Let’s suppose we have a sequence that is already integer encoded. We can work with the integer encoding directly or map the integer encoding on the label values. We can use the to_categorical() function to one hot encodes integer data.

In this example, we have five integer values [0, 1, 2, 3, 4] and we have an input sequence of the following 15 numbers.

data_1 = [1, 4, 3, 3, 0, 3, 2, 2, 4, 0, 1, 2, 1, 4, 3]

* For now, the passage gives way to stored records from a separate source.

lemma abs_integral_tail_int_le_riesz_conv:
  fixes u :: "'a::euclidean_space \<Rightarrow> real"
  assumes q: "q > 1" and "\<alpha> \<ge> 0" and w: "w \<in> borel_measurable borel"
    and w_int: "set_integrable lborel {0<..} (w_weight DIM('a) q \<alpha> w)"
    and u: "u \<in> borel_measurable lebesgue"
    and kernel: "AE x in lebesgue. integrable lebesgue (\<lambda>y. \<bar>u y\<bar> / norm (x - y) powr \<alpha>)"
    and riesz: "integrable lebesgue (\<lambda>x. \<bar>riesz_conv \<alpha> u x\<bar> powr q)"
  defines "K \<equiv> (2 powr \<alpha> / unit_ball_vol DIM('a)) powr q / (DIM('a) * unit_ball_vol DIM('a))"
  shows "\<bar>LINT x|lebesgue. \<bar>u x\<bar> * tail_int w (norm x)\<bar>
         \<le> unit_ball_vol DIM('a) * (LBINT \<rho>:{0<..}. w_weight DIM('a) q \<alpha> w \<rho>) powr ((q - 1) / q)
             * K powr (1 / q) * (LINT x|lebesgue. \<bar>riesz_conv \<alpha> u x\<bar> powr q) powr (1 / q)"
proof -
  obtain x where "integrable lebesgue (\<lambda>y. \<bar>u y\<bar> / norm (x - y) powr \<alpha>)"
    using AE_lebesgue_ex[OF kernel] by blast
  then have u_loc: "\<forall>\<rho>>0. set_integrable lebesgue (ball 0 \<rho>) u"
    using riesz_integrable_imp_set_integrable_ball[OF \<open>\<alpha> \<ge> 0\<close> u] by blast
  have "q \<ge> 0"
    using q by simp
  note avg = integral_avg_weight_le_riesz_conv[OF \<open>\<alpha> \<ge> 0\<close> \<open>q \<ge> 0\<close> u u_loc kernel riesz]
  define I where "I = (LINT x|lebesgue. \<bar>riesz_conv \<alpha> u x\<bar> powr q)"
  have "K \<ge> 0" "I \<ge> 0"
    by (simp_all add: K_def I_def)
  have "(LBINT \<rho>:{0<..}. avg_weight DIM('a) q \<alpha> u \<rho>) powr (1 / q) \<le> (K * I) powr (1 / q)"
    using avg(2) q by (intro powr_mono2) (simp_all add: K_def I_def set_lebesgue_integral_def
        integral_nonneg_AE avg_weight_def)
  also have "\<dots> = K powr (1 / q) * I powr (1 / q)"
    by (rule powr_mult)
  finally have avg_le: "(LBINT \<rho>:{0<..}. avg_weight DIM('a) q \<alpha> u \<rho>) powr (1 / q)
      \<le> K powr (1 / q) * I powr (1 / q)" .
  have "\<bar>LINT x|lebesgue. \<bar>u x\<bar> * tail_int w (norm x)\<bar>
      \<le> unit_ball_vol DIM('a) * (LBINT \<rho>:{0<..}. w_weight DIM('a) q \<alpha> w \<rho>) powr ((q - 1) / q)
          * (LBINT \<rho>:{0<..}. avg_weight DIM('a) q \<alpha> u \<rho>) powr (1 / q)"
    by (rule abs_integral_tail_int_le_ball_avg[OF q w w_int u u_loc avg(1)])
  also have "\<dots> \<le> unit_ball_vol DIM('a) * (LBINT \<rho>:{0<..}. w_weight DIM('a) q \<alpha> w \<rho>) powr ((q - 1) / q)
          * (K powr (1 / q) * I powr (1 / q))"
    using avg_le by (intro mult_left_mono) simp_all
  finally show ?thesis
    by (simp add: I_def mult.assoc)
qed
section \<open>The exponent under injective morphisms\<close>

lemma wpow_length_le_if_not_uniform_gaps:
  fixes h :: "'a \<Rightarrow> 'b list"
  assumes inj: "inj (morph h)" and "a \<noteq> b" and "set w \<subseteq> {a, b}" and "w \<noteq> []"
    and "\<not> uniform_gaps a b w" and "\<not> uniform_gaps b a w"
    and "v \<noteq> []" and hw: "morph h w = wpow v p"
  shows "p \<le> length w * length v"
proof (rule ccontr)
  assume long: "\<not> p \<le> length w * length v"
  define F where "F i = v ! (i mod length v)" for i
  have "has_period F (length v)"
    by (simp add: has_period_def F_def)
  then obtain q where lp: "least_period F q" and "q \<le> length v"
    using least_period_exists \<open>v \<noteq> []\<close> by blast
  have occ: "occurs_at F (morph h w) 0"
    using hw by (simp add: occurs_at_def F_def wpow_def)
  have "\<exists>c \<in> {a, b}. q \<le> length (h c)"
  proof (rule ccontr)
    assume "\<not> ?thesis"
    then have "length (morph h w) \<le> length w * (q - 1)"
      using assms(3) by (intro length_morph_le) force
    also have "\<dots> \<le> length w * length v"
      using \<open>q \<le> length v\<close> by (intro mult_le_mono2) linarith
    finally show False
      using long hw by (simp add: wpow_def)
  qed
  then obtain c d where cd: "{c, d} = {a, b}" "c \<noteq> d" and "q \<le> length (h c)"
    using \<open>a \<noteq> b\<close> by (metis insert_commute insertE singletonD)
  have "equal_gaps c d w"
    by (rule inj_morph_equal_gaps[OF lp occ inj \<open>c \<noteq> d\<close> \<open>q \<le> length (h c)\<close>])
  then have "uniform_gaps c d w \<or> uniform_gaps d c w"
    using assms(3,4) cd(1) by (intro uniform_gaps_or_swapped_if_equal_gaps) simp_all
  then show False
    using assms(5,6) cd by (auto simp: doubleton_eq_iff)
qed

Let’s understand the following example.

Example -

from numpy import array  
from numpy import argmax  
from keras.utils import to_categorical  
# define example  
data_1 = [1, 4, 3, 3, 0, 3, 2, 2, 4, 0, 1, 2, 1, 4, 3]  
data = array(data_1)  
print(data)  
# one hot encoding using the to_categorical() method  
encoded = to_categorical(data)  
print(encoded)  
# invert encoding  
inverted = argmax(encoded[0])  
print(inverted)

Output:

[1 4 3 3 0 3 2 2 4 0 1 2 1 4 3]
[[0. 1. 0. 0. 0.]
 [0. 0. 0. 0. 1.]
 [0. 0. 0. 1. 0.]
 [0. 0. 0. 1. 0.]
 [1. 0. 0. 0. 0.]
 [0. 0. 0. 1. 0.]
 [0. 0. 1. 0. 0.]
 [0. 0. 1. 0. 0.]
 [0. 0. 0. 0. 1.]
 [1. 0. 0. 0. 0.]
 [0. 1. 0. 0. 0.]
 [0. 0. 1. 0. 0.]
 [0. 1. 0. 0. 0.]
 [0. 0. 0. 0. 1.]
 [0. 0. 0. 1. 0.]]
1

Explanation -

In the above code, we have encoded the integer encoded as the binary vectors and printed. Then, we used the Numpy argmax() function to invert the encoding on the first value in the sequence.